EXERCISE OBJECTIVE – Every line below must be reproduced exactly. Copy them all.

Stored records:
══════════

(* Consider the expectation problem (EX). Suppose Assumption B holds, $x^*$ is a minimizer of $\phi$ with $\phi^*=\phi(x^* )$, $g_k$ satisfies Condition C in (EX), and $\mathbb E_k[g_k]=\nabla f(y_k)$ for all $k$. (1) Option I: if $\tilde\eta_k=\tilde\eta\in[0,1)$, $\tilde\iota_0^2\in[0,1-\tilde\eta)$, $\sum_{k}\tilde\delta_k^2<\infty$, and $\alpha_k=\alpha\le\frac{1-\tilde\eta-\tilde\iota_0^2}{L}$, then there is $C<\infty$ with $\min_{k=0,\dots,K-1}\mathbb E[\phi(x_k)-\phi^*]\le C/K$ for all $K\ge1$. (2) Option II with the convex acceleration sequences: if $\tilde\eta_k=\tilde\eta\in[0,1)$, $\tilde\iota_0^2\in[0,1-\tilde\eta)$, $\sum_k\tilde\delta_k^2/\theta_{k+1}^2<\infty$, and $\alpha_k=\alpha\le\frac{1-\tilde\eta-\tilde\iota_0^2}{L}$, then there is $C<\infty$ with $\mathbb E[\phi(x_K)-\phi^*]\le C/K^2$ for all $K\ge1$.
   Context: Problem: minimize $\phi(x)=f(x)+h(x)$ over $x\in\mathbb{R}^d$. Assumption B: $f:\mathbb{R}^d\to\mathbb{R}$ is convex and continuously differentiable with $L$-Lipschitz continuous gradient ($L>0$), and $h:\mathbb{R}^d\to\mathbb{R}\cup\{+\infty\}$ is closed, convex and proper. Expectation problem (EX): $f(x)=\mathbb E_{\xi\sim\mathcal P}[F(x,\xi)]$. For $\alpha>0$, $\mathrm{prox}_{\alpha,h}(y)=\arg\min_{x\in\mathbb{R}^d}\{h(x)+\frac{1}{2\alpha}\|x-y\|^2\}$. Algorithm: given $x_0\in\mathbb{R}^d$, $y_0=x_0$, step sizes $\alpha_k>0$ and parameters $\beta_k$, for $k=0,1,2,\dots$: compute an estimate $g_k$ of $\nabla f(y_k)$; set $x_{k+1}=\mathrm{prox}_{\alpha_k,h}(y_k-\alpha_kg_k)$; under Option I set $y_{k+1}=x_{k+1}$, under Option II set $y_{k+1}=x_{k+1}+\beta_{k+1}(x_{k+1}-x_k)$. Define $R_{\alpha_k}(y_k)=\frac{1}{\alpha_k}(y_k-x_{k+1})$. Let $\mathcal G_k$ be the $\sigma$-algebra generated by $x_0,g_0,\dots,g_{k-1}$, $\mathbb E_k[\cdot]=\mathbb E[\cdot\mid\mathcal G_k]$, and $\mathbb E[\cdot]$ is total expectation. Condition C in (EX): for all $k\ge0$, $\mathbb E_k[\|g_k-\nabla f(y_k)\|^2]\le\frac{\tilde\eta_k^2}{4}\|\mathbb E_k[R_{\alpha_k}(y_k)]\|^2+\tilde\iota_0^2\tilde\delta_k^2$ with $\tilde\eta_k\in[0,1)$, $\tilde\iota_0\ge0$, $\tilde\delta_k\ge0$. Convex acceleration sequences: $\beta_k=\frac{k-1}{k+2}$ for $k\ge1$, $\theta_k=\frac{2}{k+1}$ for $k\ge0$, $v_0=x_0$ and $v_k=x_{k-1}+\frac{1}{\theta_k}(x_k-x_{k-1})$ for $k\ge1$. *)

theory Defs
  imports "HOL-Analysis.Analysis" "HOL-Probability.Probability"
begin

══════════

EXERCISE ANSWER –
(* Consider the expectation problem (EX). Suppose Assumption B holds, $x^*$ is a minimizer of $\phi$ with $\phi^*=\phi(x^* )$, $g_k$ satisfies Condition C in (EX), and $\mathbb E_k[g_k]=\nabla f(y_k)$ for all $k$. (1) Option I: if $\tilde\eta_k=\tilde\eta\in[0,1)$, $\tilde\iota_0^2\in[0,1-\tilde\eta)$, $\sum_{k}\tilde\delta_k^2<\infty$, and $\alpha_k=\alpha\le\frac{1-\tilde\eta-\tilde\iota_0^2}{L}$, then there is $C<\infty$ with $\min_{k=0,\dots,K-1}\mathbb E[\phi(x_k)-\phi^*]\le C/K$ for all $K\ge1$. (2) Option II with the convex acceleration sequences: if $\tilde\eta_k=\tilde\eta\in[0,1)$, $\tilde\iota_0^2\in[0,1-\tilde\eta)$, $\sum_k\tilde\delta_k^2/\theta_{k+1}^2<\infty$, and $\alpha_k=\alpha\le\frac{1-\tilde\eta-\tilde\iota_0^2}{L}$, then there is $C<\infty$ with $\mathbb E[\phi(x_K)-\phi^*]\le C/K^2$ for all $K\ge1$.
   Context: Problem: minimize $\phi(x)=f(x)+h(x)$ over $x\in\mathbb{R}^d$. Assumption B: $f:\mathbb{R}^d\to\mathbb{R}$ is convex and continuously differentiable with $L$-Lipschitz continuous gradient ($L>0$), and $h:\mathbb{R}^d\to\mathbb{R}\cup\{+\infty\}$ is closed, convex and proper. Expectation problem (EX): $f(x)=\mathbb E_{\xi\sim\mathcal P}[F(x,\xi)]$. For $\alpha>0$, $\mathrm{prox}_{\alpha,h}(y)=\arg\min_{x\in\mathbb{R}^d}\{h(x)+\frac{1}{2\alpha}\|x-y\|^2\}$. Algorithm: given $x_0\in\mathbb{R}^d$, $y_0=x_0$, step sizes $\alpha_k>0$ and parameters $\beta_k$, for $k=0,1,2,\dots$: compute an estimate $g_k$ of $\nabla f(y_k)$; set $x_{k+1}=\mathrm{prox}_{\alpha_k,h}(y_k-\alpha_kg_k)$; under Option I set $y_{k+1}=x_{k+1}$, under Option II set $y_{k+1}=x_{k+1}+\beta_{k+1}(x_{k+1}-x_k)$. Define $R_{\alpha_k}(y_k)=\frac{1}{\alpha_k}(y_k-x_{k+1})$. Let $\mathcal G_k$ be the $\sigma$-algebra generated by $x_0,g_0,\dots,g_{k-1}$, $\mathbb E_k[\cdot]=\mathbb E[\cdot\mid\mathcal G_k]$, and $\mathbb E[\cdot]$ is total expectation. Condition C in (EX): for all $k\ge0$, $\mathbb E_k[\|g_k-\nabla f(y_k)\|^2]\le\frac{\tilde\eta_k^2}{4}\|\mathbb E_k[R_{\alpha_k}(y_k)]\|^2+\tilde\iota_0^2\tilde\delta_k^2$ with $\tilde\eta_k\in[0,1)$, $\tilde\iota_0\ge0$, $\tilde\delta_k\ge0$. Convex acceleration sequences: $\beta_k=\frac{k-1}{k+2}$ for $k\ge1$, $\theta_k=\frac{2}{k+1}$ for $k\ge0$, $v_0=x_0$ and $v_k=x_{k-1}+\frac{1}{\theta_k}(x_k-x_{k-1})$ for $k\ge1$. *)

theory Defs
  imports "HOL-Analysis.Analysis" "HOL-Probability.Probability"
begin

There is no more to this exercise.